Поцелуй Иуды
№ 2009 / 46, 23.02.2015
Стало у нас традицией в новомодный праздник 4 ноября презентовать свежий «исторический» фильм. То Владимир Хотиненко обрушился на зрителя лубочным соцзаказом в виде «1612».
или Об истории с предрассудками
Стало у нас традицией в новомодный праздник 4 ноября презентовать свежий «исторический» фильм. То Владимир Хотиненко обрушился на зрителя лубочным соцзаказом в виде «1612». В этом же году состоялась премьера нового фильма Павла Лунгина «Царь». После «Острова» можно сказать, что премьера долгожданная, однако оставившая зрителей в недоумении.
Не о художественных особенностях «Царя» хотелось бы говорить, не об игре актёров. А о преломлении истории в нём, во многом однобоком.
Год назад в интервью «АиФ» Лунгин рассуждал о личности царя Ивана IV: «Он грешник, он святой, он каратель… Но прежде всего – художник! Вся жизнь его – юродство, скоморошество, постоянный театр. Грозный имел блестящее образование, писал музыку, стихи, был глубоко верующим человеком и хотел Руси только блага. И пришёл при этом к полному жизненному краху». Однако на выходе в картине ни художника, ни блестяще образованного человека нет и в помине, а уж верующего человека, мечтающего о благе для страны, и подавно.

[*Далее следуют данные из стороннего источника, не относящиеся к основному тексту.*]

lemma fj_tail_eq_beta_substitution:
  assumes \<mu>: "0 < \<mu>" and s: "0 < s" and r: "1 \<le> r"
  defines "q \<equiv> 1 - exp (- \<mu> * s)"
  shows "fj_tail \<mu> r t s
    = (q ^ r) powr (1 / real r - 1) * (1 - q ^ r) powr real t / (\<mu> * real r)
      * (real r * q ^ (r - 1) * (\<mu> * exp (- \<mu> * s)))"
proof -
  have q: "0 < q" "q < 1"
    using \<mu> s by (auto simp: q_def)
  have "real r * (1 / real r - 1) = 1 - real r"
    using r by (simp add: field_simps)
  then have "(q ^ r) powr (1 / real r - 1) * q ^ (r - 1) = q powr (1 - real r) * q powr real (r - 1)"
    using q by (simp add: powr_realpow[symmetric] powr_powr)
  also have "\<dots> = 1"
    using q r by (simp add: powr_add[symmetric] of_nat_diff)
  finally have cancel: "(q ^ r) powr (1 / real r - 1) * q ^ (r - 1) = 1" .
  have "0 < 1 - q ^ r"
    using q r by (simp add: power_less_one_iff)
  then have "(1 - q ^ r) powr real t = (1 - q ^ r) ^ t"
    by (simp add: powr_realpow)
  then show ?thesis
    using \<mu> r cancel by (simp add: fj_tail_def q_def field_simps)
qed

lemma LBINT_fj_tail:
  assumes \<mu>: "0 < \<mu>" and r: "1 \<le> r"
  shows "(LINT s:{0<..}|lborel. fj_tail \<mu> r t s) = 1 / (\<mu> * real r) * Beta (real t + 1) (1 / real r)"
proof -
  define g where "g s = (1 - exp (- \<mu> * s)) ^ r" for s :: real
  define g' where "g' s = real r * (1 - exp (- \<mu> * s)) ^ (r - 1) * (\<mu> * exp (- \<mu> * s))" for s :: real
  define f where "f v = v powr (1 / real r - 1) * (1 - v) powr real t / (\<mu> * real r)" for v :: real
  have fg: "fj_tail \<mu> r t s = f (g s) * g' s" if "0 < s" for s
    using fj_tail_eq_beta_substitution[OF \<mu> that r] by (simp add: f_def g_def g'_def)
  have pos: "einterval 0 \<infinity> = {0::real<..}" and unit: "einterval 0 1 = {0::real<..<1}"
    by (auto simp: einterval_def zero_ereal_def)
  have exp_decay: "((\<lambda>s. exp (- \<mu> * s)) \<longlongrightarrow> 0) at_top"
    using \<mu> by (auto intro!: exp_at_bot[THEN filterlim_compose] filterlim_tendsto_pos_mult_at_top
        filterlim_ident simp: filterlim_uminus_at_bot)
  have g_deriv: "DERIV g s :> g' s" for s
    unfolding g_def g'_def by (auto intro!: derivative_eq_intros simp: field_simps)
  have f_cont: "isCont f (g s)" if "0 < ereal s" "ereal s < \<infinity>" for s
  proof -
    have "exp (- \<mu> * s) < 1"
      using \<mu> that by simp
    then have "0 < g s" "g s < 1"
      using r by (auto simp: g_def power_less_one_iff)
    then show ?thesis
      unfolding f_def using \<mu> r by (auto intro!: continuous_intros)
  qed
  have g'_cont: "isCont g' s" for s
    unfolding g'_def by (auto intro!: continuous_intros)
  have f_nonneg: "0 \<le> f (g s)" for s
    unfolding f_def using \<mu> by simp
  have g'_nonneg: "0 \<le> g' s" if "0 \<le> ereal s" for s
    using \<mu> that by (simp add: g'_def)
  have g_at_0: "((ereal \<circ> g \<circ> real_of_ereal) \<longlongrightarrow> 0) (at_right 0)"
    unfolding zero_ereal_def ereal_tendsto_simps g_def using r
    by (auto intro!: tendsto_eq_intros)
  have g_at_top: "((ereal \<circ> g \<circ> real_of_ereal) \<longlongrightarrow> 1) (at_left \<infinity>)"
    unfolding one_ereal_def ereal_tendsto_simps g_def
    by (intro filterlim_compose[OF _ exp_decay]) (auto intro!: tendsto_eq_intros filterlim_ident)
  have fg_integrable: "set_integrable lborel (einterval 0 \<infinity>) (\<lambda>s. f (g s) * g' s)"
    using set_integrable_fj_tail[OF \<mu>, of r t] fg
      set_integrable_cong[of lborel lborel "{0<..}" "{0<..}" "fj_tail \<mu> r t" "\<lambda>s. f (g s) * g' s"]
    unfolding pos by simp
  note substitution = interval_integral_substitution_nonneg[of 0 \<infinity> g g' f 0 1,
      OF _ g_deriv f_cont g'_cont f_nonneg g'_nonneg g_at_0 g_at_top fg_integrable]
  have f_integrable: "set_integrable lborel {0<..<1} f"
    using substitution(1) unfolding unit by simp
  have "(LINT v:{0<..<1}|lborel. f v) = (LINT s:{0<..}|lborel. f (g s) * g' s)"
    using substitution(2) unfolding interval_lebesgue_integral_def pos unit by simp
  also have "\<dots> = (LINT s:{0<..}|lborel. fj_tail \<mu> r t s)"
    by (rule set_lebesgue_integral_cong) (auto simp: fg)
  finally have "(LINT s:{0<..}|lborel. fj_tail \<mu> r t s) = integral {0<..<1} f"
    using set_borel_integral_eq_integral(2)[OF f_integrable] by simp
  moreover have "(f has_integral Beta (1 / real r) (real t + 1) / (\<mu> * real r)) {0<..<1}"
    using has_integral_Beta_real[of "1 / real r" "real t + 1"] r
    unfolding f_def has_integral_Icc_iff_Ioo by (auto intro!: has_integral_divide)
  ultimately show ?thesis
    by (simp add: integral_unique Beta_commute)
qed

theorem theorem1:
  fixes M :: "'a measure" and X :: "(nat \<times> nat) option \<Rightarrow> 'a \<Rightarrow> real"
    and \<mu> :: real and r t :: nat
  assumes "prob_space M"
    and "0 < \<mu>" and "1 \<le> r"
    and "prob_space.indep_vars M (\<lambda>_. borel) X (fj_index r t)"
    and "\<And>i. i \<in> fj_index r t \<Longrightarrow> distributed M lborel (X i) (exponential_density \<mu>)"
  shows "(\<forall>s\<ge>0. measure M {\<omega> \<in> space M. fj_time r t X \<omega> > s}
            = exp (- \<mu> * s) * (1 - (1 - exp (- \<mu> * s)) ^ r) ^ t)
     \<and> integrable M (fj_time r t X)
     \<and> integral\<^sup>L M (fj_time r t X) = 1 / (\<mu> * real r) * Beta (real t + 1) (1 / real r)"
proof -
  interpret prob_space M by fact
  have tail: "prob {\<omega> \<in> space M. s < fj_time r t X \<omega>} = fj_tail \<mu> r t s" if "0 \<le> s" for s
    using prob_fj_time_gt[OF assms that] by (simp add: fj_tail_def)
  have "has_bochner_integral M (fj_time r t X) (LINT s:{0<..}|lborel. fj_tail \<mu> r t s)"
    using fj_time_measurable[OF assms] AE_fj_time_nonneg[OF assms] tail
      set_integrable_fj_tail[OF assms(2)]
    by (rule has_bochner_integral_tail) auto
  then show ?thesis
    using tail LBINT_fj_tail[OF assms(2,3)]
    by (simp add: has_bochner_integral_iff fj_tail_def)
qed

end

Грозный царь в фильме – безусловный маньяк, одержимый всевозможными маниями. По сути, воплощение бесовских нечистых сил. Ни о какой сложности, многогранности этой личности разговор не идёт. Царь – безусловное зло. И «повадки» у него не царские – скорее, безумный малограмотный смерд во власти, тиран и деспот, сумасброд. Остаётся лишь попытаться порассуждать о природе этого зла, которое таится в той самой русской душе.
Для Лунгина Грозный – призрак, проклятие России, её «вечное искушение». Близка режиссёру и традиционная риторика о странной любви русского народа к диктаторам. В том же интервью: «К ним ко всем – к диктаторам, к тем, кто так или иначе был связан с насилием и пролил моря крови своего народа, да к тому же Сталину! – Россия испытывает какую-то странную, немного мазохистскую любовь».

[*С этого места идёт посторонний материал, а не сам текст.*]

lemma div_act_eq_pushforward:
  assumes g: "g \<in> carrier G"
  shows "div_act G X I g D = pushforward Y (vert_act g) D"
proof
  fix y
  show "div_act G X I g D y = pushforward Y (vert_act g) D y"
  proof (cases "y \<in> V")
    case True
    moreover have "vert_act (inv g) y \<in> V"
      using g True by (simp add: vert_act_closed)
    ultimately have "{x \<in> V. vert_act g x = y} = {vert_act (inv g) y}"
      using vert_act_inv_eq_iff[OF g _ True] by blast
    then show ?thesis
      using True by (simp add: div_act_eq pushforward_def derived_graph_simps)
  next
    case False
    then have "{x \<in> V. vert_act g x = y} = {}"
      using g vert_act_closed by auto
    then have "pushforward Y (vert_act g) D y = 0"
      by (simp only: pushforward_def derived_graph_simps sum.empty)
    then show ?thesis
      using False by (simp add: div_act_eq)
  qed
qed

lemma pushforward_translate_laplacian:
  assumes g: "g \<in> carrier G"
  shows "pushforward Y (vert_act g) (laplacian Y D) = laplacian Y (div_act G X I g D)"
proof (rule pushforward_laplacian[OF serre_derived_graph serre_derived_graph graph_hom_translate[OF g]])
  fix e' assume "e' \<in> sedges Y"
  then obtain d e where e': "e' = (d, e)" "d \<in> carrier G" "e \<in> sedges X"
    by (auto simp: derived_graph_simps)
  have "{x \<in> sedges Y. (case x of (d, e) \<Rightarrow> (g \<otimes> d, e)) = e'} = {(inv g \<otimes> d, e)}"
    using g e' by (auto simp: derived_graph_simps m_assoc[symmetric])
  moreover have "ssrc Y (inv g \<otimes> d, e) = vert_act (inv g) (ssrc Y e')"
    using g e' by (simp add: ssrc_translate)
  moreover have "ssrc Y e' \<in> V"
    using serre_graph_edge(3)[OF serre_derived_graph \<open>e' \<in> sedges Y\<close>]
    by (simp add: derived_graph_simps)
  ultimately show "(\<Sum>x\<in>{x \<in> sedges Y. (case x of (d, e) \<Rightarrow> (g \<otimes> d, e)) = e'}. D (ssrc Y x))
      = div_act G X I g D (ssrc Y e')"
    by (simp add: div_act_eq)
qed

lemma laplacian_div_act:
  "g \<in> carrier G \<Longrightarrow> laplacian Y (div_act G X I g D) = div_act G X I g (laplacian Y D)"
  by (simp add: div_act_eq_pushforward pushforward_translate_laplacian)

lemma div_act_in_divisors: "div_act G X I g D \<in> divisors Y"
  by (simp add: divisors_def div_act_eq derived_graph_simps)

lemma pic_exact_seq_derived_graph:
  assumes con: "connected_graph Y"
  shows "pic_exact_seq X G \<alpha> I"
proof -
  note Y = serre_derived_graph
  have const_invariant: "div_act G X I g (const_div Y n) = const_div Y n" if "g \<in> carrier G" for g n
    using that by (auto simp: fun_eq_iff div_act_eq const_div_def derived_graph_simps vert_act_closed)
  obtain x0 where "x0 \<in> sverts Y"
    using con by (auto simp: connected_graph_def)
  then have inj: "inj (const_div Y)"
    by (intro injI) (metis const_div_def)
  have linear: "zg_linear X G I G I id (laplacian Y)"
    using laplacian_in_divisors[OF Y]
    by (auto simp: zg_linear_def divisors_def derived_graph_simps laplacian_add laplacian_div_act)
  have kernel: "{D \<in> divisors Y. laplacian Y D = 0} = range (const_div Y)"
    using laplacian_eq_0_imp_const_div[OF Y con] laplacian_const_div[OF Y]
      const_div_in_divisors by auto
  have image: "{D \<in> divisors Y. pic_class Y D = pic_class Y 0} = laplacian Y ` divisors Y"
    using pic_class_eq_iff[OF _ zero_in_divisors] laplacian_in_divisors[OF Y] by auto
  have descends: "pic_class Y (div_act G X I g D) = pic_class Y (div_act G X I g D')"
    if g: "g \<in> carrier G" and "D \<in> divisors Y" "D' \<in> divisors Y"
      "pic_class Y D = pic_class Y D'" for g D D'
  proof -
    have lap: "pushforward Y (vert_act g) (laplacian Y E) \<in> laplacian Y ` divisors Y" for E
      unfolding pushforward_translate_laplacian[OF g] using div_act_in_divisors by blast
    have "vert_act g ` sverts Y \<subseteq> sverts Y"
      using g vert_act_closed by (auto simp: derived_graph_simps)
    from pic_class_pushforward_eq[OF lap this that(2-4)] show ?thesis
      by (simp only: div_act_eq_pushforward[OF g])
  qed
  show ?thesis
    unfolding pic_exact_seq_def Let_def pic_def
    by (intro conjI allI ballI impI refl inj linear kernel image const_div_in_divisors
        const_invariant descends)
qed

Грозный в картине – еретик, который искал богоподобия. «Ему хотелось, чтобы его любили так, как любят Бога, – больше, чем самих себя», – говорил Лунгин. По его мысли, с Грозного в России пошла тенденция: он «стал первым царём в российской истории, который воевал со своим собственным народом». Режиссёр призывает «медитировать на эту тему»…

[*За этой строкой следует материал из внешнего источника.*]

lemma SCD_setI_countable:
  assumes "countable \<S>" "\<S> \<noteq> {}" "\<forall>S\<in>\<S>. is_slice A S"
    and "\<And>B. B \<subseteq> A \<Longrightarrow> (\<forall>S\<in>\<S>. B \<inter> S \<noteq> {}) \<Longrightarrow> A \<subseteq> closure (convex hull B)"
  shows "SCD_set A"
  unfolding SCD_set_def
proof (intro exI[of _ "from_nat_into \<S>"] conjI allI impI)
  show "is_slice A (from_nat_into \<S> n)" for n using from_nat_into[OF assms(2)] assms(3) by blast
  fix B assume B: "B \<subseteq> A \<and> (\<forall>n. B \<inter> from_nat_into \<S> n \<noteq> {})"
  have "B \<inter> S \<noteq> {}" if S: "S \<in> \<S>" for S
  proof -
    obtain n where "S = from_nat_into \<S> n" using from_nat_into_surj[OF assms(1) S] by metis
    then show ?thesis using B by simp
  qed
  then show "A \<subseteq> closure (convex hull B)" by (intro assms(4)) (use B in auto)
qed

lemma SCD_set_if_ccs_weak_base:
  fixes A :: "'a::real_normed_vector set" and V :: "nat \<Rightarrow> 'a set"
  assumes V: "\<forall>n. is_ccs A (V n)"
    and base: "\<forall>U. openin (subtopology weak_topology A) U \<and> U \<noteq> {} \<longrightarrow> (\<exists>n. V n \<subseteq> U)"
  shows "SCD_set A"
proof -
  have "\<exists>\<S>. finite \<S> \<and> \<S> \<noteq> {} \<and> (\<forall>S\<in>\<S>. is_slice A S) \<and>
      (\<forall>B. (\<forall>S\<in>\<S>. B \<inter> S \<noteq> {}) \<longrightarrow> V n \<inter> convex hull B \<noteq> {})" for n
    by (rule is_ccs_meets_convex_hull[OF V[rule_format]]) blast
  then obtain \<S> where \<S>: "\<And>n. finite (\<S> n)" "\<And>n. \<S> n \<noteq> {}" "\<And>n. \<forall>S\<in>\<S> n. is_slice A S"
    "\<And>n B. (\<forall>S\<in>\<S> n. B \<inter> S \<noteq> {}) \<Longrightarrow> V n \<inter> convex hull B \<noteq> {}"
    by metis
  show ?thesis
  proof (rule SCD_setI_countable[of "\<Union>n. \<S> n"])
    show "countable (\<Union>n. \<S> n)" by (rule countable_UN) (simp_all add: countable_finite \<S>(1))
    show "(\<Union>n. \<S> n) \<noteq> {}" using \<S>(2)[of 0] by blast
    show "\<forall>S\<in>\<Union>n. \<S> n. is_slice A S" using \<S>(3) by blast
    fix B assume B: "B \<subseteq> A" "\<forall>S\<in>\<Union>n. \<S> n. B \<inter> S \<noteq> {}"
    show "A \<subseteq> closure (convex hull B)"
    proof
      fix x assume x: "x \<in> A"
      show "x \<in> closure (convex hull B)"
      proof (rule ccontr)
        assume x_notin: "x \<notin> closure (convex hull B)"
        obtain S where "S \<in> \<S> 0" using \<S>(2) by blast
        then have hull_ne: "convex hull B \<noteq> {}" using B(2) by auto
        obtain g :: "'a \<Rightarrow> real" and \<delta> :: real where g: "bounded_linear g" "\<delta> > 0"
          "\<And>c. c \<in> convex hull B \<Longrightarrow> g x + \<delta> \<le> g c"
          using separating_functional_closure[OF convex_convex_hull hull_ne x_notin] by metis
        have "openin (subtopology weak_topology A) ({y. g y < g x + \<delta>} \<inter> A)"
          unfolding openin_subtopology using openin_weak_topology_halfspace[OF g(1)] by blast
        moreover have "x \<in> {y. g y < g x + \<delta>} \<inter> A" using x g(2) by simp
        ultimately obtain n where n: "V n \<subseteq> {y. g y < g x + \<delta>} \<inter> A"
          using base by blast
        have "V n \<inter> convex hull B \<noteq> {}" by (rule \<S>(4)) (use B(2) in blast)
        then obtain c where "c \<in> V n" "c \<in> convex hull B" by blast
        then show False using n g(3)[of c] by auto
      qed
    qed
  qed
qed

section \<open>Bourgain's lemma\<close>

lemma uniform_bound_bounded_linear_family:
  fixes g :: "nat \<Rightarrow> 'a::real_normed_vector \<Rightarrow> real"
  assumes "\<forall>j<k. bounded_linear (g j)"
  obtains K where "K > 0" "\<And>j u. j < k \<Longrightarrow> \<bar>g j u\<bar> \<le> norm u * K"
proof -
  have "\<exists>K>0. \<forall>j<k. \<forall>u. \<bar>g j u\<bar> \<le> norm u * K"
    using assms
  proof (induction k)
    case 0 then show ?case by (intro exI[of _ 1]) auto
  next
    case (Suc k)
    then obtain K where K: "K > 0" "\<forall>j<k. \<forall>u. \<bar>g j u\<bar> \<le> norm u * K" by auto
    obtain K' where K': "K' > 0" "\<forall>u. norm (g k u) \<le> norm u * K'"
      using bounded_linear.pos_bounded[of "g k"] Suc.prems by auto
    have "\<bar>g j u\<bar> \<le> norm u * max K K'" if "j < Suc k" for j u
    proof -
      have "\<bar>g j u\<bar> \<le> norm u * K \<or> \<bar>g j u\<bar> \<le> norm u * K'"
        using that K(2) K'(2) less_Suc_eq by auto
      moreover have "norm u * K \<le> norm u * max K K'" "norm u * K' \<le> norm u * max K K'"
        by (simp_all add: mult_left_mono)
      ultimately show ?thesis by linarith
    qed
    then show ?case using K(1) by (intro exI[of _ "max K K'"]) auto
  qed
  then show ?thesis using that by blast
qed

lemma mult_le_if_le_divide_add1:
  fixes M x c :: real
  assumes "M \<ge> 0" "c \<ge> 0" "x \<le> c / (M + 1)"
  shows "M * x \<le> c"
proof -
  have "M * x \<le> M * (c / (M + 1))" using assms by (intro mult_left_mono) auto
  also have "\<dots> \<le> c" using assms by (simp add: field_simps)
  finally show ?thesis .
qed

lemma convex_hull_positive_combination:
  assumes "w \<in> convex hull D"
  obtains m :: nat and l :: "nat \<Rightarrow> real" and p :: "nat \<Rightarrow> 'a::real_vector"
  where "m \<ge> 1" "\<And>i. i < m \<Longrightarrow> l i > 0 \<and> p i \<in> D" "(\<Sum>i<m. l i) = 1"
    "w = (\<Sum>i<m. l i *\<^sub>R p i)"
proof -
  obtain S u where S: "finite S" "S \<subseteq> D" "\<forall>x\<in>S. 0 \<le> u x" "sum u S = 1"
    "(\<Sum>v\<in>S. u v *\<^sub>R v) = w"
    using assms unfolding convex_hull_explicit by blast
  define S' where "S' = {v\<in>S. u v > 0}"
  have S'S: "S' \<subseteq> S" unfolding S'_def by auto
  have zero: "\<forall>v\<in>S - S'. u v = 0" using S(3) unfolding S'_def by force
  have sum_u: "sum u S' = 1" using sum.mono_neutral_right[OF S(1) S'S zero] S(4) by simp
  have sum_w: "(\<Sum>v\<in>S'. u v *\<^sub>R v) = w"
    using sum.mono_neutral_right[OF S(1) S'S, of "\<lambda>v. u v *\<^sub>R v"] zero S(5) by simp
  have fin: "finite S'" using S(1) S'S finite_subset by blast
  define p where "p = from_nat_into S'"
  have p: "bij_betw p {..<card S'} S'"
    unfolding p_def by (rule bij_betw_from_nat_into_finite[OF fin])
  have "S' \<noteq> {}" using sum_u by auto
  then have "card S' \<ge> 1" using fin by (simp add: Suc_le_eq card_gt_0_iff)
  moreover have "u (p i) > 0 \<and> p i \<in> D" if "i < card S'" for i
    using bij_betwE[OF p] that S(2) unfolding S'_def by auto
  moreover have "(\<Sum>i<card S'. u (p i)) = 1"
    using sum.reindex_bij_betw[OF p, of u] sum_u by simp
  moreover have "w = (\<Sum>i<card S'. u (p i) *\<^sub>R p i)"
    using sum.reindex_bij_betw[OF p, of "\<lambda>v. u v *\<^sub>R v"] sum_w by simp
  ultimately show ?thesis using that[of "card S'" "\<lambda>i. u (p i)" p] by blast
qed

lemma rational_weights_approx:
  fixes l :: "nat \<Rightarrow> real"
  assumes m: "m \<ge> 1" and pos: "\<And>i. i < m \<Longrightarrow> l i > 0" and sum: "(\<Sum>i<m. l i) = 1" and \<eta>: "\<eta> > 0"
  obtains \<mu> :: "nat \<Rightarrow> rat"
  where "\<And>i. i < m \<Longrightarrow> (of_rat (\<mu> i) :: real) > 0 \<and> \<bar>of_rat (\<mu> i) - l i\<bar> < \<eta>"
    "(\<Sum>i<m. (of_rat (\<mu> i) :: real)) = 1"
proof -
  define p where "p = m - 1"
  have mp: "m = Suc p" unfolding p_def using m by simp
  have "\<exists>q::rat. i < p \<longrightarrow> max 0 (l i - \<eta> / m) < of_rat q \<and> of_rat q < l i" for i
    using of_rat_dense[of "max 0 (l i - \<eta> / m)" "l i"] pos[of i] \<eta> mp by (cases "i < p") auto
  then obtain q :: "nat \<Rightarrow> rat"
    where q: "\<And>i. i < p \<Longrightarrow> max 0 (l i - \<eta> / m) < of_rat (q i) \<and> of_rat (q i) < l i"
    by metis
  define \<mu> where "\<mu> i = (if i < p then q i else 1 - (\<Sum>i<p. q i))" for i
  have gap: "(of_rat (\<mu> p) :: real) - l p = (\<Sum>i<p. l i - of_rat (q i))"
    using sum unfolding mp \<mu>_def by (simp add: of_rat_diff of_rat_sum sum_subtractf)
  have "0 \<le> (\<Sum>i<p. l i - of_rat (q i))"
    using q by (intro sum_nonneg) (simp add: less_imp_le)
  moreover have "(\<Sum>i<p. l i - of_rat (q i)) \<le> (\<Sum>i<p. \<eta> / m)"
  proof (rule sum_mono)
    fix i assume "i \<in> {..<p}"
    then have "l i - \<eta> / m < of_rat (q i)" using q[of i] by simp
    then show "l i - of_rat (q i) \<le> \<eta> / m" by simp
  qed
  moreover have "(\<Sum>i<p. \<eta> / m) < \<eta>" using \<eta> unfolding mp by (simp add: field_simps)
  ultimately have gap_bounds: "0 \<le> (of_rat (\<mu> p) :: real) - l p" "(of_rat (\<mu> p) :: real) - l p < \<eta>"
    unfolding gap by linarith+
  show ?thesis
  proof (rule that)
    fix i assume "i < m"
    then consider "i < p" | "i = p" unfolding mp by linarith
    then show "(of_rat (\<mu> i) :: real) > 0 \<and> \<bar>of_rat (\<mu> i) - l i\<bar> < \<eta>"
    proof cases
      case 1
      moreover have "\<eta> / m \<le> \<eta>" using \<eta> m by (simp add: field_simps)
      ultimately show ?thesis using q[of i] unfolding \<mu>_def by auto
    next
      case 2
      have "l p > 0" using pos mp by simp
      then have "(of_rat (\<mu> p) :: real) > 0" using gap_bounds(1) by linarith
      moreover have "\<bar>(of_rat (\<mu> p) :: real) - l p\<bar> < \<eta>" using gap_bounds by (simp add: abs_of_nonneg)
      ultimately show ?thesis using 2 by blast
    qed
  next
    have "(\<Sum>i<p. (of_rat (\<mu> i) :: real)) = (\<Sum>i<p. of_rat (q i))"
      unfolding \<mu>_def by (intro sum.cong) auto
    then show "(\<Sum>i<m. (of_rat (\<mu> i) :: real)) = 1"
      unfolding mp by (simp add: \<mu>_def of_rat_diff of_rat_sum)
  qed
qed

То есть, собственно, какого-то нового слова о личности царя Лунгин не сказал, да, судя по всему, и не искал его. Он лишь использовал избитое клише «кровожадного деспота» и ещё более гипертрофировал его по контрасту с жертвенной праведностью митрополита Филиппа.
Цель фильма – не понимание истории, не правда о ней, а модная по нынешним временам формула извлечения уроков из метафоризированного, модернизированного прошлого, понимание природы деспотии в категориях современного человека.
Собственно, в фильме нет Руси XVI века, нет реальных исторических персонажей. И в этом плане «Царь» Лунгина такая же инсталляция, далёкая от реальности, как и роман о чеченской войне Владимира Маканина «Асан». Здесь нет истории, есть лишь попытка прикосновения к ней с позиций человека XXI века, с его видением, мировосприятием. О том, что тогда мир воспринимался несколько иначе, чем сейчас, речи не идёт. Всё различие между человеком XVI века и XXI-го, в понимании режиссёра, заключается лишь в том, что средневековое сознание было затуманено всевозможными религиозными штампами: ожидание грядущего Страшного суда, царь – проводник Божьей воли. Он может миловать и карать. Даже в силах молнией повелевать, помимо этого строит палаты-бункер без окон, в которых он сможет переждать зиму Апокалипсиса.
Нет сомнения, что деятельность исторического царя Ивана IV, его поступки, в первую очередь, читаются с точки зрения христианской логики. Об этом отлично пишет в своих трудах современный историк, профессор РГГУ Андрей Юрганов. Но вот как будет воспринимать эту логику наш современник, далёкий от неё, не погружённый в её атмосферу и атрибуцию? Как проявление религиозного фанатизма? Что всё это свойства извращённого порочного национального самосознания?..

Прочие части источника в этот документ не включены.